If you make a definition for a word init, mecrisp knows that it must, when stored in flash, execute the contents of that word when the controller is first booted. This allows a programmer to make a turnkey application that will run when the controller is switched on, and in this case if the word 72MHz is contained in the word init then it will be run on bootup, and the board will start running at full speed. Then, if the user wants to go back to 8 MHz operation, they can execute the 8MHz word interactively and the processor will drop back down to 8MHz.

Developing in Forth is very different to the C or arduino workflow commonly used for these microcontrollers.
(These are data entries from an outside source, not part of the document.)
lemma (in prob_space) Chernoff_sum_indep_poisson:
  fixes X :: "'i \<Rightarrow> 'a \<Rightarrow> nat" and lam t a :: real
  assumes indep: "indep_vars (\<lambda>_. count_space UNIV) X I"
    and poisson: "\<And>i. i \<in> I \<Longrightarrow> distr M (count_space UNIV) (X i) = measure_pmf (poisson_pmf lam)"
    and "lam > 0" "t > 0" "finite A" "A \<subseteq> I"
  shows "prob {\<omega> \<in> space M. a \<le> (\<Sum>i\<in>A. real (X i \<omega>))} \<le> exp (card A * lam * (exp t - 1) - t * a)"
proof -
  have X_measurable: "X i \<in> measurable M (count_space UNIV)" if "i \<in> I" for i
    using indep that by (auto simp: indep_vars_def)
  have [measurable]: "(\<lambda>\<omega>. \<Sum>i\<in>A. real (X i \<omega>)) \<in> borel_measurable M"
    using \<open>A \<subseteq> I\<close> X_measurable by (intro borel_measurable_sum) auto
  have moment: "(\<integral>\<^sup>+\<omega>. ennreal (exp (t * real (X i \<omega>))) \<partial>M) = ennreal (exp (lam * (exp t - 1)))"
    if "i \<in> I" for i
  proof -
    have "(\<integral>\<^sup>+\<omega>. ennreal (exp (t * real (X i \<omega>))) \<partial>M)
        = (\<integral>\<^sup>+x. ennreal (exp (t * real x)) \<partial>distr M (count_space UNIV) (X i))"
      using that X_measurable by (simp add: nn_integral_distr)
    then show ?thesis
      using poisson[OF that] nn_integral_exp_poisson[OF \<open>lam > 0\<close>] by simp
  qed
  have "emeasure M {\<omega> \<in> space M. a \<le> (\<Sum>i\<in>A. real (X i \<omega>))}
      \<le> ennreal (exp (- t * a)) * (\<integral>\<^sup>+\<omega>. ennreal (exp (t * (\<Sum>i\<in>A. real (X i \<omega>)))) * indicator (space M) \<omega> \<partial>M)"
    using \<open>t > 0\<close> \<open>A \<subseteq> I\<close> by (intro Chernoff_ineq_nn_integral_ge) auto
  also have "(\<integral>\<^sup>+\<omega>. ennreal (exp (t * (\<Sum>i\<in>A. real (X i \<omega>)))) * indicator (space M) \<omega> \<partial>M)
      = (\<integral>\<^sup>+\<omega>. (\<Prod>i\<in>A. ennreal (exp (t * real (X i \<omega>)))) \<partial>M)"
    using \<open>finite A\<close> by (intro nn_integral_cong) (simp add: sum_distrib_left exp_sum prod_ennreal)
  also have "\<dots> = (\<Prod>i\<in>A. \<integral>\<^sup>+\<omega>. ennreal (exp (t * real (X i \<omega>))) \<partial>M)"
    using \<open>finite A\<close> \<open>A \<subseteq> I\<close>
    by (intro indep_vars_nn_integral indep_vars_compose2[OF indep_vars_subset[OF indep]]) auto
  also have "\<dots> = ennreal (exp (lam * (exp t - 1)) ^ card A)"
    using \<open>A \<subseteq> I\<close> moment by (simp add: subset_iff ennreal_power)
  finally have "emeasure M {\<omega> \<in> space M. a \<le> (\<Sum>i\<in>A. real (X i \<omega>))}
      \<le> ennreal (exp (- t * a) * exp (lam * (exp t - 1)) ^ card A)"
    by (simp add: ennreal_mult')
  also have "exp (- t * a) * exp (lam * (exp t - 1)) ^ card A = exp (card A * lam * (exp t - 1) - t * a)"
    by (simp add: exp_of_nat_mult[symmetric] exp_add[symmetric] algebra_simps)
  finally show ?thesis
    by (simp add: emeasure_eq_measure)
qed

lemma greedy_animal_gt_iff:
  assumes "1 \<le> n"
  shows "c < greedy_animal X n \<longleftrightarrow> (\<exists>A\<in>lattice_animals n. c < (\<Sum>k\<in>A. X k))"
  using finite_lattice_animals lattice_animals_nonempty[OF assms]
  by (simp add: greedy_animal_def Max_gr_iff)

lemma (in prob_space) greedy_animal_tail_poisson:
  fixes X :: "int \<times> int \<Rightarrow> 'a \<Rightarrow> nat" and lam t c :: real
  assumes indep: "indep_vars (\<lambda>_. count_space UNIV) X UNIV"
    and poisson: "\<And>j. distr M (count_space UNIV) (X j) = measure_pmf (poisson_pmf lam)"
    and "lam > 0" "t > 0" "1 \<le> n"
  shows "{\<omega> \<in> space M. c < greedy_animal (\<lambda>k. real (X k \<omega>)) n} \<in> events"
    and "prob {\<omega> \<in> space M. c < greedy_animal (\<lambda>k. real (X k \<omega>)) n}
           \<le> 16 ^ (n - 1) * exp (n * lam * (exp t - 1) - t * c)"
proof -
  have [measurable]: "X k \<in> measurable M (count_space UNIV)" for k
    using indep by (cases k) (simp add: indep_vars_def)
  define E where "E A = {\<omega> \<in> space M. c < (\<Sum>k\<in>A. real (X k \<omega>))}" for A
  have E_events: "E A \<in> events" for A
    unfolding E_def by measurable
  have event_eq: "{\<omega> \<in> space M. c < greedy_animal (\<lambda>k. real (X k \<omega>)) n} = (\<Union>A\<in>lattice_animals n. E A)"
    using greedy_animal_gt_iff[OF \<open>1 \<le> n\<close>] by (auto simp: E_def)
  then show "{\<omega> \<in> space M. c < greedy_animal (\<lambda>k. real (X k \<omega>)) n} \<in> events"
    using finite_lattice_animals E_events by auto
  have E_bound: "prob (E A) \<le> exp (n * lam * (exp t - 1) - t * c)" if "A \<in> lattice_animals n" for A
  proof -
    have "finite A" "card A = n"
      using that by (auto simp: lattice_animals_def)
    have "prob (E A) \<le> prob {\<omega> \<in> space M. c \<le> (\<Sum>k\<in>A. real (X k \<omega>))}"
      unfolding E_def by (intro finite_measure_mono) auto
    also have "\<dots> \<le> exp (n * lam * (exp t - 1) - t * c)"
      using Chernoff_sum_indep_poisson[OF indep poisson \<open>lam > 0\<close> \<open>t > 0\<close> \<open>finite A\<close>] \<open>card A = n\<close>
      by simp
    finally show ?thesis .
  qed
  have "prob (\<Union>A\<in>lattice_animals n. E A) \<le> (\<Sum>A\<in>lattice_animals n. prob (E A))"
    using finite_lattice_animals E_events by (intro finite_measure_subadditive_finite) auto
  also have "\<dots> \<le> card (lattice_animals n) * exp (n * lam * (exp t - 1) - t * c)"
    using sum_mono[OF E_bound] by simp
  also have "\<dots> \<le> 16 ^ (n - 1) * exp (n * lam * (exp t - 1) - t * c)"
    using card_lattice_animals_le[of n] by (intro mult_right_mono) (simp_all flip: of_nat_power)
  finally show "prob {\<omega> \<in> space M. c < greedy_animal (\<lambda>k. real (X k \<omega>)) n}
      \<le> 16 ^ (n - 1) * exp (n * lam * (exp t - 1) - t * c)"
    unfolding event_eq .
qed

lemma tilt_three_bound_le_exp:
  fixes lam y :: real
  assumes "lam \<ge> 0" "exp 3 * lam \<le> y" "4 \<le> y"
  shows "16 ^ (n - 1) * exp (n * lam * (exp 3 - 1) - 3 * (y * n)) \<le> exp (- y * n)"
proof -
  have "(16::real) = 2 ^ 4" by simp
  also have "\<dots> \<le> exp 1 ^ 4"
    using exp_ge_add_one_self[of 1] by (intro power_mono) auto
  finally have "(16::real) ^ (n - 1) \<le> exp 4 ^ n"
    by (intro order_trans[OF power_increasing[of "n - 1" n] power_mono]) (auto simp flip: exp_of_nat_mult)
  then have "16 ^ (n - 1) * exp (n * lam * (exp 3 - 1) - 3 * (y * n))
      \<le> exp (4 * n + (n * lam * (exp 3 - 1) - 3 * (y * n)))"
    by (simp add: exp_add exp_of_nat_mult[symmetric] mult.commute)
  also have "\<dots> \<le> exp (- y * n)"
    using mult_left_mono[OF \<open>4 \<le> y\<close>, of n] mult_left_mono[OF \<open>exp 3 * lam \<le> y\<close>, of n]
      mult_nonneg_nonneg[OF of_nat_0_le_iff \<open>lam \<ge> 0\<close>, of n]
    by (simp add: algebra_simps)
  finally show ?thesis .
qed

theorem lemma3p1:
  shows "\<exists>\<rho>::real. \<rho> > 0 \<and>
    (\<forall>(lam::real) (M::'a measure) (X :: int \<times> int \<Rightarrow> 'a \<Rightarrow> nat).
       lam > 0 \<longrightarrow> prob_space M \<longrightarrow>
       prob_space.indep_vars M (\<lambda>_. count_space UNIV) X UNIV \<longrightarrow>
       (\<forall>j. distr M (count_space UNIV) (X j) = measure_pmf (poisson_pmf lam)) \<longrightarrow>
       (\<forall>y n. y \<ge> max (exp 3 * lam) \<rho> \<longrightarrow> n \<ge> 1 \<longrightarrow>
          {\<omega> \<in> space M. greedy_animal (\<lambda>k. real (X k \<omega>)) n > y * real n} \<in> sets M \<and>
          measure M {\<omega> \<in> space M. greedy_animal (\<lambda>k. real (X k \<omega>)) n > y * real n}
            \<le> exp (- y * real n)))"
proof (intro exI[of _ 4] conjI allI impI)
  fix lam :: real and M :: "'a measure" and X :: "int \<times> int \<Rightarrow> 'a \<Rightarrow> nat" and y :: real and n :: nat
  assume lam: "lam > 0" and "prob_space M"
    and indep: "prob_space.indep_vars M (\<lambda>_. count_space UNIV) X UNIV"
    and poisson: "\<forall>j. distr M (count_space UNIV) (X j) = measure_pmf (poisson_pmf lam)"
    and y: "max (exp 3 * lam) 4 \<le> y" and n: "1 \<le> n"
  interpret prob_space M by fact
  note tail = greedy_animal_tail_poisson[OF indep poisson[rule_format] lam _ n, of 3 "y * n"]
  show "{\<omega> \<in> space M. greedy_animal (\<lambda>k. real (X k \<omega>)) n > y * real n} \<in> sets M"
    using tail(1) by simp
  have "prob {\<omega> \<in> space M. greedy_animal (\<lambda>k. real (X k \<omega>)) n > y * real n}
      \<le> 16 ^ (n - 1) * exp (n * lam * (exp 3 - 1) - 3 * (y * n))"
    using tail(2) by simp
  also have "\<dots> \<le> exp (- y * n)"
    using lam y by (intro tilt_three_bound_le_exp) auto
  finally show "prob {\<omega> \<in> space M. greedy_animal (\<lambda>k. real (X k \<omega>)) n > y * real n} \<le> exp (- y * real n)" .
qed simp

end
In the latter case, development is done on your pc, compiled to a binary program that is uploaded to the board if it compiles correctly, then executed, perhaps using a hardware debugger to ensure it’s doing what you thought it should be doing. In Forth, words are developed in RAM, tested in isolation and, when you are satisfied they work, are saved to flash from within the Forth interpreted environment. Development is done on the microcontroller via a serial terminal connection to a computer, but all the compiling is done in situ on the chip itself. In this way, you can use words like @ and ! to interrogate and change register settings in real time. Also, it’s very easy to write an assembler in Forth, allowing you to access the speed of assembly language from within Forth for those times when the overhead of the interpreter is too great (which with a processor as powerful as these is almost never, for my sorts of applications). When you get used to it, Forth can be a very powerful programming platform.

I’ve never really understood why this programming language never reached popularity in embedded programming circles. Forth has a reputation as a ‘forgotten’, or ‘old-fashioned’ language. People who say this forget how old C is. I guess C and its derivatives like arduino got a head start as a language that many programmers already knew from university courses, and I can see from an employer’s point of view it’s much easier to replace C programmers than Forth programmers — Forth code can be very idiosyncratic.

But for a small system like a microcontroller where codes are usually written by individuals or small teams, Forth’s interactivity and incremental debugging approach are very desirable characteristics. The biggest disadvantage, however, is that there is much less in the way of libraries for this language and, as in the case above, you end up doing everything at register level from scratch. Again, whether you find that an advantage or a disadvantage depends upon your viewpoint.

If you program microcontrollers and have not tried Forth, give mecrisp a try. I really enjoy programming microcontrollers this way. Who knows? You may, like me, never want to go back to the edit-compile-debug-upload-run way of doing things again!